# The records
lemma sum_frame_sum_axis: "(\<Sum>b\<in>UNIV. frame_sum g N (axis b 1)) = (\<Sum>j<N. (norm (g j))^2)"
  unfolding frame_sum_def cinner_axis_left norm_vec_square by (simp add: sum.swap[of _ UNIV])

lemma bessel_bound_mono: "bessel_bound K g N B \<Longrightarrow> B \<le> B' \<Longrightarrow> bessel_bound K g N B'"
  unfolding bessel_bound_def by (meson mult_right_mono order_trans zero_le_power2)

lemma frame_sum_le_opt_upper_bound:
  assumes "is_frame K f N" and "x \<in> vecs K" and "norm x = 1"
  shows "frame_sum f N x \<le> opt_upper_bound K f N"
  unfolding opt_upper_bound_def
proof (rule cSup_upper)
  obtain B where "\<forall>x\<in>vecs K. frame_sum f N x \<le> B * (norm x)^2"
    using assms(1) unfolding is_frame_def by blast
  then show "bdd_above {frame_sum f N x | x. x \<in> vecs K \<and> norm x = 1}"
    unfolding bdd_above_def by force
qed (use assms in blast)

lemma opt_lower_bound_le_frame_sum:
  assumes "x \<in> vecs K" and "norm x = 1"
  shows "opt_lower_bound K f N \<le> frame_sum f N x"
  unfolding opt_lower_bound_def
  by (rule cInf_lower) (use assms frame_sum_nonneg in \<open>auto simp: bdd_below_def\<close>)

lemma bessel_bound_opt_upper_bound:
  fixes f :: "nat \<Rightarrow> complex^'n"
  assumes field: "K = \<real> \<or> K = UNIV" and frame: "is_frame K f N"
  shows "bessel_bound K f N (opt_upper_bound K f N)"
  unfolding bessel_bound_def
proof
  fix x :: "complex^'n" assume x: "x \<in> vecs K"
  show "frame_sum f N x \<le> opt_upper_bound K f N * (norm x)^2"
  proof (cases "x = 0")
    case True
    then show ?thesis by (simp add: frame_sum_def cinner_def)
  next
    case False
    define u where "u = (1 / norm x) *\<^sub>R x"
    have "frame_sum f N u \<le> opt_upper_bound K f N"
      using frame_sum_le_opt_upper_bound[OF frame scaleR_in_vecs[OF field x]] False
      by (simp add: u_def)
    moreover have "frame_sum f N u = frame_sum f N x / (norm x)^2"
      by (simp add: u_def frame_sum_scaleR power_divide)
    ultimately show ?thesis using False by (simp add: field_simps)
  qed
qed

lemma opt_lower_bound_pos:
  assumes field: "K = \<real> \<or> K = UNIV" and frame: "is_frame K f N"
  shows "0 < opt_lower_bound K f N"
proof -
  obtain A where "A > 0" and A: "\<forall>x\<in>vecs K. A * (norm x)^2 \<le> frame_sum f N x"
    using frame unfolding is_frame_def by blast
  have "A \<le> opt_lower_bound K f N"
    unfolding opt_lower_bound_def
    by (rule cInf_greatest) (use A axis_in_vecs[OF field] norm_axis_complex_1 in force)+
  with \<open>A > 0\<close> show ?thesis by simp
qed

lemma sum_norms_square_between_opt_bounds:
  fixes f :: "nat \<Rightarrow> complex^'n"
  assumes field: "K = \<real> \<or> K = UNIV" and frame: "is_frame K f N" and dim: "CARD('n) = M"
  shows "M * opt_lower_bound K f N \<le> (\<Sum>j<N. (norm (f j))^2)"
    and "(\<Sum>j<N. (norm (f j))^2) \<le> M * opt_upper_bound K f N"
proof -
  have "opt_lower_bound K f N \<le> frame_sum f N (axis b 1)"
    and "frame_sum f N (axis b 1) \<le> opt_upper_bound K f N" for b :: 'n
    using opt_lower_bound_le_frame_sum frame_sum_le_opt_upper_bound[OF frame]
      axis_in_vecs[OF field] norm_axis_complex_1 by blast+
  then show "M * opt_lower_bound K f N \<le> (\<Sum>j<N. (norm (f j))^2)"
    and "(\<Sum>j<N. (norm (f j))^2) \<le> M * opt_upper_bound K f N"
    using sum_mono[of UNIV "\<lambda>_. opt_lower_bound K f N" "\<lambda>b. frame_sum f N (axis b 1)"]
      sum_mono[of UNIV "\<lambda>b. frame_sum f N (axis b 1)" "\<lambda>_. opt_upper_bound K f N"]
    by (simp_all add: sum_frame_sum_axis dim)
qed

lemma le_khintchine_bessel_constant:
  fixes K1 C \<beta> L a :: real
  assumes K1: "0 < K1" "K1 \<le> 1" and C: "0 < C" and \<beta>: "0 < \<beta>"
    and above: "L \<le> \<beta> * a" and below: "a \<le> L" and trace: "K1^2 * a \<le> C"
  shows "L \<le> 27 / 4 / K1^4 * \<beta>^2 * C"
proof (cases "a \<le> 0")
  case True
  then have "L \<le> 0"
    using above \<beta> by (meson mult_nonneg_nonpos less_imp_le order_trans)
  moreover have "0 \<le> 27 / 4 / K1^4 * \<beta>^2 * C"
    using K1 C by simp
  ultimately show ?thesis by linarith
next
  case False
  then have "1 \<le> \<beta>"
    using above below by (metis mult_le_cancel_right1 not_le order_trans)
  have "K1^4 * a \<le> K1^2 * a"
    using False K1 by (intro mult_right_mono power_decreasing) auto
  with trace have "a \<le> C / K1^4"
    using K1 by (simp add: field_simps)
  have "\<beta> \<le> \<beta>^2"
    using \<open>1 \<le> \<beta>\<close> by (simp add: power2_eq_square)
  then have "L \<le> \<beta>^2 * a"
    using above False by (meson mult_right_mono not_le order_trans less_imp_le)
  also have "\<dots> \<le> \<beta>^2 * (C / K1^4)"
    using \<open>a \<le> C / K1^4\<close> by (rule mult_left_mono) simp
  also have "\<dots> \<le> 27 / 4 / K1^4 * \<beta>^2 * C"
    using K1 C by (simp add: field_simps)
  finally show ?thesis .
qed

lemma khintchine_const_le_1:
  assumes field: "K = \<real> \<or> K = UNIV" and K1: "khintchine_const K K1"
  shows "K1 \<le> 1"
proof -
  define P where "P = PiE {..<Suc 0} (\<lambda>_. {-1, 1::real})"
  have "1 \<in> K" using field by auto
  then have "K1 * 2 \<le> (\<Sum>\<delta>\<in>P. \<bar>\<delta> 0\<bar>)"
    using K1 unfolding khintchine_const_def P_def
    by (auto dest!: spec[of _ 1] spec[of _ "\<lambda>_. 1"])
  also have "(\<Sum>\<delta>\<in>P. \<bar>\<delta> 0\<bar>) = (\<Sum>\<delta>\<in>P. 1)"
  proof (rule sum.cong)
    fix \<delta> assume "\<delta> \<in> P"
    then have "\<delta> 0 \<in> {-1, 1}" unfolding P_def by blast
    then show "\<bar>\<delta> 0\<bar> = 1" by auto
  qed simp
  also have "\<dots> = 2"
    unfolding P_def by (simp add: card_PiE)
  finally show ?thesis by simp
qed

definition sign_mean :: "nat \<Rightarrow> ((nat \<Rightarrow> real) \<Rightarrow> real) \<Rightarrow> real" where
  "sign_mean M F = (1 / 2^M) * (\<Sum>\<delta>\<in>PiE {..<M} (\<lambda>_. {-1, 1}). F \<delta>)"

lemma sign_mean_mono:
  "(\<And>\<delta>. \<delta> \<in> PiE {..<M} (\<lambda>_. {-1, 1}) \<Longrightarrow> F \<delta> \<le> G \<delta>) \<Longrightarrow> sign_mean M F \<le> sign_mean M G"
  unfolding sign_mean_def by (intro mult_left_mono sum_mono) auto

lemma sign_mean_const [simp]: "sign_mean M (\<lambda>_. c) = c"
  by (simp add: sign_mean_def card_PiE)

lemma sum_sign_mean_mult:
  "(\<Sum>j<N. sign_mean M (\<lambda>\<delta>. a \<delta> j) * sign_mean M (\<lambda>\<delta>. b \<delta> j))
    = sign_mean M (\<lambda>\<delta>. sign_mean M (\<lambda>\<delta>'. \<Sum>j<N. a \<delta> j * b \<delta>' j))"
proof -
  let ?P = "PiE {..<M} (\<lambda>_. {-1, 1::real})"
  have "sign_mean M (\<lambda>\<delta>. a \<delta> j) * sign_mean M (\<lambda>\<delta>. b \<delta> j)
      = (1 / 2^M) * (1 / 2^M) * (\<Sum>\<delta>\<in>?P. \<Sum>\<delta>'\<in>?P. a \<delta> j * b \<delta>' j)" for j
    unfolding sign_mean_def sum_product[symmetric] by (simp add: mult_ac)
  then have "(\<Sum>j<N. sign_mean M (\<lambda>\<delta>. a \<delta> j) * sign_mean M (\<lambda>\<delta>. b \<delta> j))
      = (1 / 2^M) * (1 / 2^M) * (\<Sum>j<N. \<Sum>\<delta>\<in>?P. \<Sum>\<delta>'\<in>?P. a \<delta> j * b \<delta>' j)"
    by (simp add: sum_distrib_left)
  also have "(\<Sum>j<N. \<Sum>\<delta>\<in>?P. \<Sum>\<delta>'\<in>?P. a \<delta> j * b \<delta>' j) = (\<Sum>\<delta>\<in>?P. \<Sum>\<delta>'\<in>?P. \<Sum>j<N. a \<delta> j * b \<delta>' j)"
    by (subst sum.swap) (simp add: sum.swap[of _ "{..<N}"])
  finally show ?thesis
    unfolding sign_mean_def sum_distrib_left[symmetric] by (simp only: mult.assoc)
qed
definition sign_vector :: "(nat \<Rightarrow> 'n) \<Rightarrow> nat \<Rightarrow> (nat \<Rightarrow> real) \<Rightarrow> complex^'n" where
  "sign_vector h M \<delta> = (\<chi> b. of_real (\<delta> (inv_into {..<M} h b) / sqrt M))"

lemma sign_vector_in_vecs: "K = \<real> \<or> K = UNIV \<Longrightarrow> sign_vector h M \<delta> \<in> vecs K"
  by (auto simp: sign_vector_def vecs_def)
lemma XD1_expansion:
  assumes m: "m \<ge> 1" and p: "px1 \<noteq> 2"
  shows "\<exists>c :: nat \<Rightarrow> complex. \<exists>r::real > 0.
         c 0 = - (\<i> / 2) * Ln ((2 - px1) / 4) \<and>
         c 1 = 2 * (Digamma (of_int m) + euler_mascheroni - 2 * complex_of_real (ln 2)) \<and>
         (\<forall>\<nu>::real. \<nu> \<noteq> 0 \<and> \<bar>\<nu>\<bar> < r \<longrightarrow>
            (\<exists>s. (\<lambda>n. c n * complex_of_real \<nu> ^ n) sums s \<and>
                 exp (2 * \<i> * s) = XD1 m px1 \<nu>))"
proof -
  obtain n where n: "m = int n + 1" using m by (intro that[of "nat (m - 1)"]) simp
  have "of_int m = (of_nat (Suc n) :: complex)" by (simp add: n)
  hence D: "Digamma (of_int m :: complex) = harm n - euler_mascheroni"
    by (simp only: Digamma_of_nat)
  have "has_log_deriv (XD1_regular n px1)
      (2 * \<i> * (2 * (Digamma (of_int m) + euler_mascheroni - 2 * of_real (ln 2)))) 0"
    unfolding XD1_regular_def[abs_def]
    by (rule has_log_deriv_cong, (rule has_log_deriv_intros | simp add: falling_prod_0)+)
       (simp add: D algebra_simps)
  moreover have "XD1_regular n px1 analytic_on {0}"
    unfolding XD1_regular_def[abs_def] by (intro analytic_intros) (auto simp: falling_prod_0)
  moreover have "exp (2 * \<i> * (- (\<i> / 2) * Ln ((2 - px1) / 4))) = XD1_regular n px1 0"
    using p by (simp add: XD1_regular_def falling_prod_0 power_mult[symmetric] field_simps)
  ultimately show ?thesis
    by (intro power_series_logarithm_real[where X = "XD1 m px1"]) (simp_all add: n XD1_eq_XD1_regular)
qed

definition XD2_regular :: "nat \<Rightarrow> complex \<Rightarrow> complex \<Rightarrow> complex" where
  "XD2_regular n px1 z =
    - (rGamma (1 + (- \<i>) * z) ^ 4 * exp (2 * \<i> * z * of_real (4 * ln 2)) * fact n ^ 2
       * Gamma (1 + (- 2 * \<i>) * z) ^ 2 * (px1 - 2))
      / (4 * falling_prod n ((- 2 * \<i>) * z) ^ 2)"

lemma XD2_eq_XD2_regular:
  assumes "\<nu> \<noteq> 0"
  shows "XD2 (- int n) px1 \<nu> = XD2_regular n px1 (of_real \<nu>)"
proof -
  define v where "v = complex_of_real \<nu>"
  define w where "w = (- 2 * \<i>) * v"
  have "v \<noteq> 0" using assms by (simp add: v_def)
  have "w \<notin> \<int>" using assms by (auto simp: w_def v_def complex_eq_iff elim!: Ints_cases)
  have P: "falling_prod n w \<noteq> 0" using assms by (intro falling_prod_nonzero) (simp add: w_def v_def)
  have "1 + \<i> * v \<notin> \<int>\<^sub>\<le>\<^sub>0"
    using assms by (auto simp: v_def complex_eq_iff elim!: nonpos_Ints_cases')
  hence G: "Gamma (1 + \<i> * v) * rGamma (1 + \<i> * v) = 1"
    by (simp add: rGamma_inverse_Gamma Gamma_eq_zero_iff)
  have arg: "of_int (- int n) - 2 * \<i> * v = w - of_nat n" by (simp add: w_def)
  have "\<i> * Gamma (1 + w) = \<i> * (Gamma (w - of_nat n) * w * falling_prod n w)"
    using Gamma_diff_nat_mult_falling_prod[OF \<open>w \<notin> \<int>\<close>, of n] by (simp add: add.commute)
  also have "\<dots> = (\<i> * \<i>) * (- 2) * (v * Gamma (w - of_nat n) * falling_prod n w)"
    by (simp only: w_def ac_simps)
  finally have key: "v * Gamma (w - of_nat n) = \<i> * Gamma (1 + w) / (2 * falling_prod n w)"
    using P by (simp add: field_simps)
  have "XD2 (- int n) px1 \<nu> = (Gamma (1 + \<i> * v) * rGamma (1 + \<i> * v)) ^ 4 * rGamma (1 + (- \<i>) * v) ^ 4
        * exp (2 * \<i> * v * of_real (4 * ln 2)) * fact n ^ 2 * (v * Gamma (w - of_nat n)) ^ 2 * (px1 - 2)"
    unfolding XD2_def Let_def v_def[symmetric] arg powr_16_eq_exp sinh_pi_eq_rGamma
    using \<open>v \<noteq> 0\<close>
    by (simp add: field_simps power2_eq_square power4_eq_xxxx[of v] Gamma_fact)
  also have "\<dots> = XD2_regular n px1 v"
    unfolding key G XD2_regular_def using P by (simp add: w_def field_simps power2_eq_square)
  finally show ?thesis by (simp add: v_def)
qed

lemma XD2_expansion:
  assumes m: "m \<le> 0" and p: "px1 \<noteq> 2"
  shows "\<exists>c :: nat \<Rightarrow> complex. \<exists>r::real > 0.
         c 0 = (\<i> / 2) * Ln ((2 - px1) / 4) \<and>
         c 1 = 2 * (Digamma (1 - of_int m) + euler_mascheroni - 2 * complex_of_real (ln 2)) \<and>
         (\<forall>\<nu>::real. \<nu> \<noteq> 0 \<and> \<bar>\<nu>\<bar> < r \<longrightarrow>
            (\<exists>s. (\<lambda>n. c n * complex_of_real \<nu> ^ n) sums s \<and>
                 exp (- 2 * \<i> * s) = XD2 m px1 \<nu>))"
proof -
  obtain n where n: "m = - int n" using m by (metis minus_minus nat_0_le neg_0_le_iff_le)
  have "1 - of_int m = (of_nat (Suc n) :: complex)" by (simp add: n)
  hence D: "Digamma (1 - of_int m :: complex) = harm n - euler_mascheroni"
    by (simp only: Digamma_of_nat)
  have "has_log_deriv (XD2_regular n px1)
      (- 2 * \<i> * (2 * (Digamma (1 - of_int m) + euler_mascheroni - 2 * of_real (ln 2)))) 0"
    unfolding XD2_regular_def[abs_def]
    by (rule has_log_deriv_cong, (rule has_log_deriv_intros | simp add: falling_prod_0)+)
       (simp add: D algebra_simps)
  moreover have "XD2_regular n px1 analytic_on {0}"
    unfolding XD2_regular_def[abs_def] by (intro analytic_intros) (auto simp: falling_prod_0)
  moreover have "exp (- 2 * \<i> * ((\<i> / 2) * Ln ((2 - px1) / 4))) = XD2_regular n px1 0"
    using p by (simp add: XD2_regular_def falling_prod_0 power_mult[symmetric] field_simps)
  ultimately show ?thesis
    by (intro power_series_logarithm_real[where X = "XD2 m px1"]) (simp_all add: n XD2_eq_XD2_regular)
qed

section \<open>The formula F\<close>

lemma double_not_odd_iff_plus_half_notin_Ints:
  "(\<forall>k::int. 2 * (\<mu>::complex) \<noteq> of_int (2 * k + 1)) \<longleftrightarrow> \<mu> + 1/2 \<notin> \<int>"
proof
  assume h: "\<forall>k::int. 2 * \<mu> \<noteq> of_int (2 * k + 1)"
  show "\<mu> + 1/2 \<notin> \<int>"
  proof
    assume "\<mu> + 1/2 \<in> \<int>"
    then obtain k where "\<mu> + 1/2 = of_int k" by (auto elim: Ints_cases)
    hence "2 * \<mu> = of_int (2 * (k - 1) + 1)" by (simp add: field_simps)
    thus False using h by blast
  qed
next
  assume h: "\<mu> + 1/2 \<notin> \<int>"
  show "\<forall>k::int. 2 * \<mu> \<noteq> of_int (2 * k + 1)"
  proof (intro allI notI)
    fix k :: int
    assume "2 * \<mu> = of_int (2 * k + 1)"
    hence "\<mu> + 1/2 = of_int (k + 1)" by (simp add: field_simps)
    thus False using h by (metis Ints_of_int)
  qed
qed

lemma has_log_deriv_XF_bracket:
  fixes \<mu> px1 p01 :: complex
  assumes "cos (of_real pi * \<mu>) \<noteq> 0"
  shows "has_log_deriv (\<lambda>z. (1/2) * (exp (2 * of_real pi * z) * px1 - p01) * sinh (2 * of_real pi * z)
         + (cos (2 * of_real pi * \<mu>) + 1) * (exp (2 * of_real pi * z) + 1))
     (of_real pi + of_real pi * (px1 - p01) / (4 * cos (of_real pi * \<mu>) ^ 2)) 0"
proof -
  have "cos (2 * of_real pi * \<mu>) + 1 = 2 * cos (of_real pi * \<mu>) ^ 2"
    using cos_double_cos[of "of_real pi * \<mu>"] by (simp add: mult.assoc)
  thus ?thesis
    unfolding has_log_deriv_def using assms
    by (auto intro!: derivative_eq_intros simp: field_simps power2_eq_square)
qed

definition XF_regular :: "complex \<Rightarrow> complex \<Rightarrow> complex \<Rightarrow> complex \<Rightarrow> complex" where
  "XF_regular \<mu> px1 p01 z =
    - (4 * exp (2 * \<i> * z * of_real (4 * ln 2))
       * Gamma ((3/2 - \<mu>) + (- \<i>) * z) ^ 2 * Gamma ((\<mu> + 1/2) + (- \<i>) * z) ^ 2)
    / ((2 * z + \<i> * (1 - 2 * \<mu>)) ^ 2 * (2 * of_real pi) ^ 2
       * rGamma (1 + (2 * \<i>) * z) ^ 2 * rGamma (1 + (- 2 * \<i>) * z) ^ 2 * Gamma (1 + (- \<i>) * z) ^ 4)
    * ((1/2) * (exp (2 * of_real pi * z) * px1 - p01) * sinh (2 * of_real pi * z)
       + (cos (2 * of_real pi * \<mu>) + 1) * (exp (2 * of_real pi * z) + 1))"

lemma XF_eq_XF_regular:
  assumes "\<nu> \<noteq> 0"
  shows "XF \<mu> px1 p01 \<nu> = XF_regular \<mu> px1 p01 (of_real \<nu>)"
proof -
  define v where "v = complex_of_real \<nu>"
  have "- \<i> * v \<notin> \<int>\<^sub>\<le>\<^sub>0"
    using assms by (auto simp: v_def complex_eq_iff elim!: nonpos_Ints_cases')
  from Gamma_plus1[OF this] have "Gamma (1 + (- \<i>) * v) = - \<i> * v * Gamma (- \<i> * v)"
    by (simp add: add.commute)
  moreover have "sinh (2 * of_real pi * v)
      = 2 * of_real pi * v * rGamma (1 + (2 * \<i>) * v) * rGamma (1 + (- 2 * \<i>) * v)"
    using sinh_pi_eq_rGamma[of "2 * v"] by (simp add: ac_simps)
  ultimately have denom: "(2 * v + \<i> * (1 - 2 * \<mu>)) ^ 2 * v ^ 2 * sinh (2 * of_real pi * v) ^ 2 * Gamma (- \<i> * v) ^ 4
     = (2 * v + \<i> * (1 - 2 * \<mu>)) ^ 2 * (2 * of_real pi) ^ 2
       * rGamma (1 + (2 * \<i>) * v) ^ 2 * rGamma (1 + (- 2 * \<i>) * v) ^ 2 * Gamma (1 + (- \<i>) * v) ^ 4"
    by (simp add: power2_eq_square power4_eq_xxxx algebra_simps)
  show ?thesis
    unfolding XF_def Let_def v_def[symmetric] powr_16_eq_exp denom by (simp add: XF_regular_def v_def)
qed

lemma XF_regular_0:
  assumes \<mu>: "\<mu> + 1/2 \<notin> \<int>"
  shows "XF_regular \<mu> px1 p01 0 = 1"
proof -
  define c where "c = cos (of_real pi * \<mu>)"
  have "c \<noteq> 0" using cos_pi_times_nonzero[OF \<mu>] by (simp add: c_def)
  have "1 - 2 * \<mu> \<noteq> 0" using double_neq_1_if_plus_half_notin_Ints[OF \<mu>] by simp
  have "XF_regular \<mu> px1 p01 0 = - (4 * (Gamma (3/2 - \<mu>) * Gamma (\<mu> + 1/2)) ^ 2)
      / ((\<i> * (1 - 2 * \<mu>)) ^ 2 * (2 * of_real pi) ^ 2) * (cos (2 * of_real pi * \<mu>) + 1) * 2"
    by (simp add: XF_regular_def algebra_simps)
  also have "\<dots> = - (4 * ((1/2 - \<mu>) * of_real pi / c) ^ 2)
      / ((\<i> * (1 - 2 * \<mu>)) ^ 2 * (2 * of_real pi) ^ 2) * (2 * c ^ 2) * 2"
  proof -
    have "cos (2 * of_real pi * \<mu>) + 1 = 2 * c ^ 2"
      using cos_double_cos[of "of_real pi * \<mu>"] by (simp add: c_def mult.assoc)
    thus ?thesis unfolding Gamma_three_halves_minus_mult_Gamma[OF \<mu>] c_def[symmetric] by simp
  qed
  also have "\<dots> = 1"
  proof -
    have "- (4 * (y / 2 * p / c) ^ 2) / ((\<i> * y) ^ 2 * (2 * p) ^ 2) * (2 * c ^ 2) * 2 = 1"
      if "y \<noteq> 0" "p \<noteq> 0" "c \<noteq> 0" for y p c :: complex
      using that by (simp add: field_simps power2_eq_square)
    from this[OF \<open>1 - 2 * \<mu> \<noteq> 0\<close> _ \<open>c \<noteq> 0\<close>, of "of_real pi"] show ?thesis
      by (simp add: diff_divide_distrib)
  qed
  finally show ?thesis .
qed

lemma has_log_deriv_XF_regular:
  fixes \<mu> px1 p01 :: complex
  assumes \<mu>: "\<mu> + 1/2 \<notin> \<int>"
  shows "has_log_deriv (XF_regular \<mu> px1 p01)
    (- 2 * \<i> * (2 * euler_mascheroni - 4 * complex_of_real (ln 2) + \<i> * complex_of_real pi / 2
               + 2 * Digamma (\<mu> + 1/2)
               - complex_of_real pi * tan (complex_of_real pi * \<mu>)
               + \<i> * complex_of_real pi * (px1 - p01) / (8 * cos (complex_of_real pi * \<mu>) ^ 2))) 0"
proof -
  have c: "cos (of_real pi * \<mu>) \<noteq> 0" using cos_pi_times_nonzero[OF \<mu>] .
  have "2 * \<mu> \<noteq> 1" using double_neq_1_if_plus_half_notin_Ints[OF \<mu>] .
  have a: "3/2 - \<mu> \<notin> \<int>\<^sub>\<le>\<^sub>0" using three_halves_minus_notin_nonpos_Ints[OF \<mu>] .
  have b: "\<mu> + 1/2 \<notin> \<int>\<^sub>\<le>\<^sub>0" using \<mu> nonpos_Ints_subset_Ints by blast
  \<comment> \<open>Stated over abstract variables so that simplification cannot rewrite the arguments of
    Digamma, tan and cos.\<close>
  have alg: "8 * (\<i> * l) - 2 * (\<i> * (\<psi> - p * t + 2 / y)) - 2 * (\<i> * \<psi>)
      - (4 / (\<i> * y) + 4 * (\<i> * \<gamma>)) + (p + p * P / (4 * cc ^ 2))
    = - (2 * \<i> * (2 * \<gamma> - 4 * l + \<i> * p / 2 + 2 * \<psi> - p * t + \<i> * p * P / (8 * cc ^ 2)))"
    if "y \<noteq> 0" "cc \<noteq> 0" for l \<psi> y \<gamma> p P cc t :: complex
  proof -
    have "4 / (\<i> * y) = - 4 * \<i> / y" by (simp add: divide_inverse)
    thus ?thesis using that by (simp add: field_simps power2_eq_square)
  qed
  show ?thesis
    unfolding XF_regular_def[abs_def]
    by (rule has_log_deriv_cong, (rule has_log_deriv_intros has_log_deriv_XF_bracket
        | simp add: a b c \<open>2 * \<mu> \<noteq> 1\<close>)+,
        subst Digamma_three_halves_minus[OF \<mu>], rule alg)
       (use c \<open>2 * \<mu> \<noteq> 1\<close> in auto)
qed

lemma XF_expansion:
  assumes \<mu>: "\<mu> + 1/2 \<notin> \<int>"
  shows "\<exists>c :: nat \<Rightarrow> complex. \<exists>r::real > 0.
         c 0 = 0 \<and>
         c 1 = 2 * euler_mascheroni - 4 * complex_of_real (ln 2) + \<i> * complex_of_real pi / 2
               + 2 * Digamma (\<mu> + 1/2)
               - complex_of_real pi * tan (complex_of_real pi * \<mu>)
               + \<i> * complex_of_real pi * (px1 - p01) / (8 * cos (complex_of_real pi * \<mu>) ^ 2) \<and>
         (\<forall>\<nu>::real. \<nu> \<noteq> 0 \<and> \<bar>\<nu>\<bar> < r \<longrightarrow>
            (\<exists>s. (\<lambda>n. c n * complex_of_real \<nu> ^ n) sums s \<and>
                 exp (- 2 * \<i> * s) = XF \<mu> px1 p01 \<nu>))"
proof -
  have "2 * \<mu> \<noteq> 1" using double_neq_1_if_plus_half_notin_Ints[OF \<mu>] .
  moreover have "\<mu> + 1/2 \<notin> \<int>\<^sub>\<le>\<^sub>0" using \<mu> nonpos_Ints_subset_Ints by blast
  ultimately have "XF_regular \<mu> px1 p01 analytic_on {0}"
    unfolding XF_regular_def[abs_def] using three_halves_minus_notin_nonpos_Ints[OF \<mu>]
    by (intro analytic_intros) auto
  from power_series_logarithm_real[OF this _ _ has_log_deriv_XF_regular[OF \<mu>]] show ?thesis
    by (simp add: XF_regular_0[OF \<mu>] XF_eq_XF_regular)
qed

# What to work on
What is needed is every line from the start of the entries through the line containing "f N (opt_upper_bound", returned word for word and nothing else.

# Solved exercise
lemma sum_frame_sum_axis: "(\<Sum>b\<in>UNIV. frame_sum g N (axis b 1)) = (\<Sum>j<N. (norm (g j))^2)"
  unfolding frame_sum_def cinner_axis_left norm_vec_square by (simp add: sum.swap[of _ UNIV])

lemma bessel_bound_mono: "bessel_bound K g N B \<Longrightarrow> B \<le> B' \<Longrightarrow> bessel_bound K g N B'"
  unfolding bessel_bound_def by (meson mult_right_mono order_trans zero_le_power2)

lemma frame_sum_le_opt_upper_bound:
  assumes "is_frame K f N" and "x \<in> vecs K" and "norm x = 1"
  shows "frame_sum f N x \<le> opt_upper_bound K f N"
  unfolding opt_upper_bound_def
proof (rule cSup_upper)
  obtain B where "\<forall>x\<in>vecs K. frame_sum f N x \<le> B * (norm x)^2"
    using assms(1) unfolding is_frame_def by blast
  then show "bdd_above {frame_sum f N x | x. x \<in> vecs K \<and> norm x = 1}"
    unfolding bdd_above_def by force
qed (use assms in blast)

lemma opt_lower_bound_le_frame_sum:
  assumes "x \<in> vecs K" and "norm x = 1"
  shows "opt_lower_bound K f N \<le> frame_sum f N x"
  unfolding opt_lower_bound_def
  by (rule cInf_lower) (use assms frame_sum_nonneg in \<open>auto simp: bdd_below_def\<close>)

lemma bessel_bound_opt_upper_bound:
  fixes f :: "nat \<Rightarrow> complex^'n"
  assumes field: "K = \<real> \<or> K = UNIV" and frame: "is_frame K f N"
  shows "bessel_bound K f N (opt_upper_bound K f N)"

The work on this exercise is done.